Title I is considered the federal government’s single biggest K-12 education program, which is part of what makes it a target of conservatives. But Project 2025 wouldn’t immediately eliminate the program and its $18 billion budget. Instead, the document calls for the program to be transferred to the Department of Health and Human Services, which in turn would distribute that money to states in the form of block grants, with little regulation or oversight on what happens to the money after that.

Some argue that means giving states the flexibility to offer tailored and innovative approaches to supporting children in low income districts. But Helig said there’s reason to be concerned that the money wouldn’t end up supporting vulnerable students at all.

“There’s no guarantee that Title I funds that are supposed to be spent on low-income schools will continue to go to low-income schools,” Helig said. “The challenge is that when funding is logged at the state and local level, it’s done in an unequal way.”

Lax oversight of block grants could allow states yet another way to funnel dollars from underfunded public schools to charters–much like a controversial school choice bill passed in Georgia earlier this year–or even to religious-based educational institutions, said Janel George, an associate professor of law at Georgetown University and the founding director of its Racial Equity in Education Law and Policy Clinic.

“What we’re seeing before Project 2025 also is these recent court decisions, is that you’re basically rewriting our educational system,” she said.

How Project 2025 will impact funding for higher education

The document also calls for privatizing student loans and potentially cutting federal higher education grants like the Pell Grant, which benefits low-income citizens interested in attending college. 
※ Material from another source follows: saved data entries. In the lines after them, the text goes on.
text \<open>Take an admissible bicharacteristic \<open>[A, B] \<times> {W}\<close> close to \<open>\<gamma>\<close> of length almost \<open>L\<^sub>p(\<gamma>)\<close>, and
  points \<open>sm < A\<close>, \<open>sp > B\<close> close to it where \<open>Im p\<close> is negative resp. positive. These signs persist
  for \<open>W'\<close> near \<open>W\<close>, so by the intermediate value argument each such \<open>W'\<close> carries a run
  \<open>[\<alpha>, \<beta>] \<subseteq> [sm, sp]\<close> on which \<open>Im p\<close> strongly changes sign; by the definition of \<open>L\<^sub>p\<close> it
  has length almost \<open>L\<^sub>p(\<gamma>)\<close>, so all these runs contain a common interval of length almost
  \<open>L\<^sub>p(\<gamma>)\<close>. As \<open>Im p\<close> does not depend on \<open>\<xi>\<^sub>1\<close>, it vanishes on a neighbourhood of that
  interval.\<close>

definition sign_change_run :: "(real \<Rightarrow> real) \<Rightarrow> real \<Rightarrow> real \<Rightarrow> bool" where
  "sign_change_run g \<alpha> \<beta> \<longleftrightarrow>
     (\<forall>t\<in>{\<alpha>..\<beta>}. g t = 0) \<and>
     (\<forall>\<epsilon>>0. \<exists>sm sp. \<alpha> - \<epsilon> < sm \<and> sm < \<alpha> \<and> \<beta> < sp \<and> sp < \<beta> + \<epsilon> \<and> g sm < 0 \<and> 0 < g sp)"

lemma strong_sign_change_iff_sign_change_run:
  "strong_sign_change p a b w \<longleftrightarrow> sign_change_run (\<lambda>t. Im (p (gpt t w))) a b"
  unfolding strong_sign_change_def sign_change_run_def ..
Ashley Young, a higher education policy analyst for the Georgia Budget & Policy Institute, said that decentralizing the regulation of college financial aid, would deprive students of vital support in earning degrees and in paying the loans back once they are finished. 

“Federal funding for higher education is very important,” Young said. “Project 2025 doesn’t actually go too in depth about the Pell Grant or trying to eliminate that program specifically, however, it did touch on a lot of policies regarding debt relief.”

Also at risk: programs like the Biden administration’s Saving on a Valuable Education (SAVE) and Income Driven Repayment programs. 

The SAVE plan, particularly, has been highly contested and even blocked in federal court as it attempts to provide more generous terms than past income-based repayment plans, lowering monthly payments for eligible borrowers and allowing those with original principal balances of $12,000 or less to have their debt forgiven after 10 years. 

“What is important to note here is that Project 2025 wants to eliminate income-driven repayment plans, which are helpful for students — for borrowers, rather — who are struggling with paying their loans back, and they want to end the loan forgiveness program,” Young said. 

But George says, for Black voters, it’s important to look to the past for context.

“So much of this is repetitive,” George said. “We shouldn’t be surprised by Project 2025. It’s the same effort to maintain racial inequality.”